### To do
Take the records below and print them verbatim up to and including the line that carries "W \<and> open".

### Entries supplied
text \<open>A small category whose objects are the open subsets of the space (the type 'a,
  carrying a topology via the type class), given by hom-sets Hom U V, a composition
  cmp g f (meaning g after f), identities ident U, and the morphisms incl U V
  (for U a subset of V) forming the subcategory X_top (identity on objects).\<close>

definition cat_on_opens ::
  "('a::topological_space set \<Rightarrow> 'a set \<Rightarrow> 'm set) \<Rightarrow> ('m \<Rightarrow> 'm \<Rightarrow> 'm)
   \<Rightarrow> ('a set \<Rightarrow> 'm) \<Rightarrow> ('a set \<Rightarrow> 'a set \<Rightarrow> 'm) \<Rightarrow> bool" where
  "cat_on_opens Hom cmp ident incl \<longleftrightarrow>
     (\<forall>U V W f g. open U \<and> open V \<and> open W \<and> f \<in> Hom U V \<and> g \<in> Hom V W
        \<longrightarrow> cmp g f \<in> Hom U W)
   \<and> (\<forall>U V W Z f g h. open U \<and> open V \<and> open W \<and> open Z \<and> f \<in> Hom U V \<and> g \<in> Hom V W
        \<and> h \<in> Hom W Z \<longrightarrow> cmp h (cmp g f) = cmp (cmp h g) f)
   \<and> (\<forall>U. open U \<longrightarrow> ident U \<in> Hom U U)
   \<and> (\<forall>U V f. open U \<and> open V \<and> f \<in> Hom U V \<longrightarrow> cmp f (ident U) = f \<and> cmp (ident V) f = f)
   \<and> (\<forall>U V. open U \<and> open V \<and> U \<subseteq> V \<longrightarrow> incl U V \<in> Hom U V)
   \<and> (\<forall>U. open U \<longrightarrow> incl U U = ident U)
   \<and> (\<forall>U V W. open U \<and> open V \<and> open W \<and> U \<subseteq> V \<and> V \<subseteq> W
        \<longrightarrow> cmp (incl V W) (incl U V) = incl U W)"

text \<open>The germ at x of f \<in> C(U,V): its equivalence class in colim_{U \<ni> x} C(U,V),
  represented as the set of all equivalent pairs (U',f').\<close>

definition germ ::
  "('a::topological_space set \<Rightarrow> 'a set \<Rightarrow> 'm set) \<Rightarrow> ('m \<Rightarrow> 'm \<Rightarrow> 'm)
   \<Rightarrow> ('a set \<Rightarrow> 'a set \<Rightarrow> 'm) \<Rightarrow> 'a \<Rightarrow> 'a set \<Rightarrow> 'a set \<Rightarrow> 'm \<Rightarrow> ('a set \<times> 'm) set" where
  "germ Hom cmp incl x V U f =
     {(U', f'). open U' \<and> x \<in> U' \<and> f' \<in> Hom U' V \<and>
        (\<exists>W. open W \<and> x \<in> W \<and> W \<subseteq> U \<and> W \<subseteq> U' \<and>
             cmp f (incl W U) = cmp f' (incl W U'))}"

definition germs ::
  "('a::topological_space set \<Rightarrow> 'a set \<Rightarrow> 'm set) \<Rightarrow> ('m \<Rightarrow> 'm \<Rightarrow> 'm)
   \<Rightarrow> ('a set \<Rightarrow> 'a set \<Rightarrow> 'm) \<Rightarrow> 'a \<Rightarrow> 'a set \<Rightarrow> ('a set \<times> 'm) set set" where
  "germs Hom cmp incl x V =
     {germ Hom cmp incl x V U f | U f. open U \<and> x \<in> U \<and> f \<in> Hom U V}"
lemma alternating_expansion_head_derivation:
  assumes "head_derivation (length xs) E"
  shows "alternating_expansion (\<lambda>zs. E (u * v # zs)) xs =
    u * alternating_expansion (\<lambda>zs. E (v # zs)) xs +
    v * alternating_expansion (\<lambda>zs. E (u # zs)) xs"
proof -
  have "alternating_expansion (\<lambda>zs. E (u * v # zs)) xs =
      alternating_expansion (\<lambda>zs. u * E (v # zs) + v * E (u # zs)) xs"
    using assms by (intro alternating_expansion_cong) (auto simp: head_derivation_def)
  then show ?thesis
    by (simp add: alternating_expansion_add alternating_expansion_cmult)
qed

lemma head_derivation_update:
  assumes "n_skew_symmetric m E" "head_derivation m E" "length ys = m" "i < m"
  shows "E (ys[i := h * ys ! i]) = h * E ys + (-1) ^ i * ys ! i * E (h # omit i ys)"
proof -
  have "E (ys[i := h * ys ! i]) = (-1) ^ i * E (h * ys ! i # omit i ys)"
    using assms by (intro n_skew_symmetric_update_eq_Cons_omit) auto
  also have "\<dots> = (-1) ^ i * (h * E (ys ! i # omit i ys) + ys ! i * E (h # omit i ys))"
    using assms by (simp add: head_derivation_def)
  also have "E (ys ! i # omit i ys) = (-1) ^ i * E ys"
    using n_skew_symmetric_update_eq_Cons_omit[OF assms(1), of ys i "ys ! i"] assms by simp
  finally show ?thesis by (simp add: algebra_simps)
qed

lemma sum_update_head_derivation:
  assumes "n_skew_symmetric (length ys) E" "head_derivation (length ys) E"
  shows "(\<Sum>i<length ys. E (ys[i := h * ys ! i])) =
    of_nat (length ys) * h * E ys + alternating_expansion (\<lambda>zs. E (h # zs)) ys"
  using head_derivation_update[OF assms]
  by (simp add: sum.distrib alternating_expansion_def)
lemma Lmat_mult_comp_mat: "Lmat D m * comp_mat n m = B0 D * kron (Lmat D n) (Lmat D n)"
proof -
  have "Lmat D m * comp_mat n m = (Lmat D m * adj22 (Lmat D m)) * (B0 D * kron (Lmat D n) (Lmat D n))"
    unfolding comp_mat_def adj22_Lmat
    by (rule assoc_mult_mat[symmetric, OF Lmat_carrier mat22_carrier B0_kron_Lmat_carrier])
  also have "Lmat D m * adj22 (Lmat D m) = 1\<^sub>m 2"
    unfolding Lmat_eq_mat22 by (rule mult_adj22) (simp add: det22_def det_Lmat)
  finally show ?thesis
    using left_mult_one_mat[OF B0_kron_Lmat_carrier[of n]] by simp
qed

lemma qf_cyc_mult:
  fixes x1 x2 y1 y2 :: int
  defines "z \<equiv> vec_of_list [x1*y1, x1*y2, x2*y1, x2*y2]"
  shows "qf (cyc D n) x1 x2 * qf (cyc D n) y1 y2 =
         qf (cyc D m) ((comp_mat n m *\<^sub>v z) $ 0) ((comp_mat n m *\<^sub>v z) $ 1)"
proof -
  have z: "z \<in> carrier_vec 4"
    by (simp add: z_def carrier_vecI)
  define v where "v = comp_mat n m *\<^sub>v z"
  have v: "v \<in> carrier_vec 2"
    unfolding v_def using comp_mat_carrier z by (rule mult_mat_vec_carrier)
  have Lv: "B0 D * kron (Lmat D n) (Lmat D n) *\<^sub>v z = Lmat D m *\<^sub>v v"
    unfolding v_def Lmat_mult_comp_mat[of m n, symmetric]
    by (rule assoc_mult_mat_vec[OF Lmat_carrier comp_mat_carrier z])
  have "qf (cyc D n) x1 x2 * qf (cyc D n) y1 y2 =
      qf (Itilde D) ((B0 D * kron (Lmat D n) (Lmat D n) *\<^sub>v z) $ 0) ((B0 D * kron (Lmat D n) (Lmat D n) *\<^sub>v z) $ 1)"
    unfolding qf_cyc z_def B0_kron_mult_vec[OF Lmat_carrier Lmat_carrier] qf_Itilde_zmul
    by (simp add: Lmat_eq_mat22)
  also have "\<dots> = qf (Itilde D) ((Lmat D m *\<^sub>v v) $ 0) ((Lmat D m *\<^sub>v v) $ 1)"
    by (simp only: Lv)
  also have "\<dots> = qf (cyc D m) (v $ 0) (v $ 1)"
    using mat22_mult_vec[OF v] by (simp add: Lmat_eq_mat22 qf_cyc)
  finally show ?thesis
    unfolding v_def .
qed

### Expected answer
text \<open>A small category whose objects are the open subsets of the space (the type 'a,
  carrying a topology via the type class), given by hom-sets Hom U V, a composition
  cmp g f (meaning g after f), identities ident U, and the morphisms incl U V
  (for U a subset of V) forming the subcategory X_top (identity on objects).\<close>

definition cat_on_opens ::
  "('a::topological_space set \<Rightarrow> 'a set \<Rightarrow> 'm set) \<Rightarrow> ('m \<Rightarrow> 'm \<Rightarrow> 'm)
   \<Rightarrow> ('a set \<Rightarrow> 'm) \<Rightarrow> ('a set \<Rightarrow> 'a set \<Rightarrow> 'm) \<Rightarrow> bool" where
  "cat_on_opens Hom cmp ident incl \<longleftrightarrow>
     (\<forall>U V W f g. open U \<and> open V \<and> open W \<and> f \<in> Hom U V \<and> g \<in> Hom V W
        \<longrightarrow> cmp g f \<in> Hom U W)
   \<and> (\<forall>U V W Z f g h. open U \<and> open V \<and> open W \<and> open Z \<and> f \<in> Hom U V \<and> g \<in> Hom V W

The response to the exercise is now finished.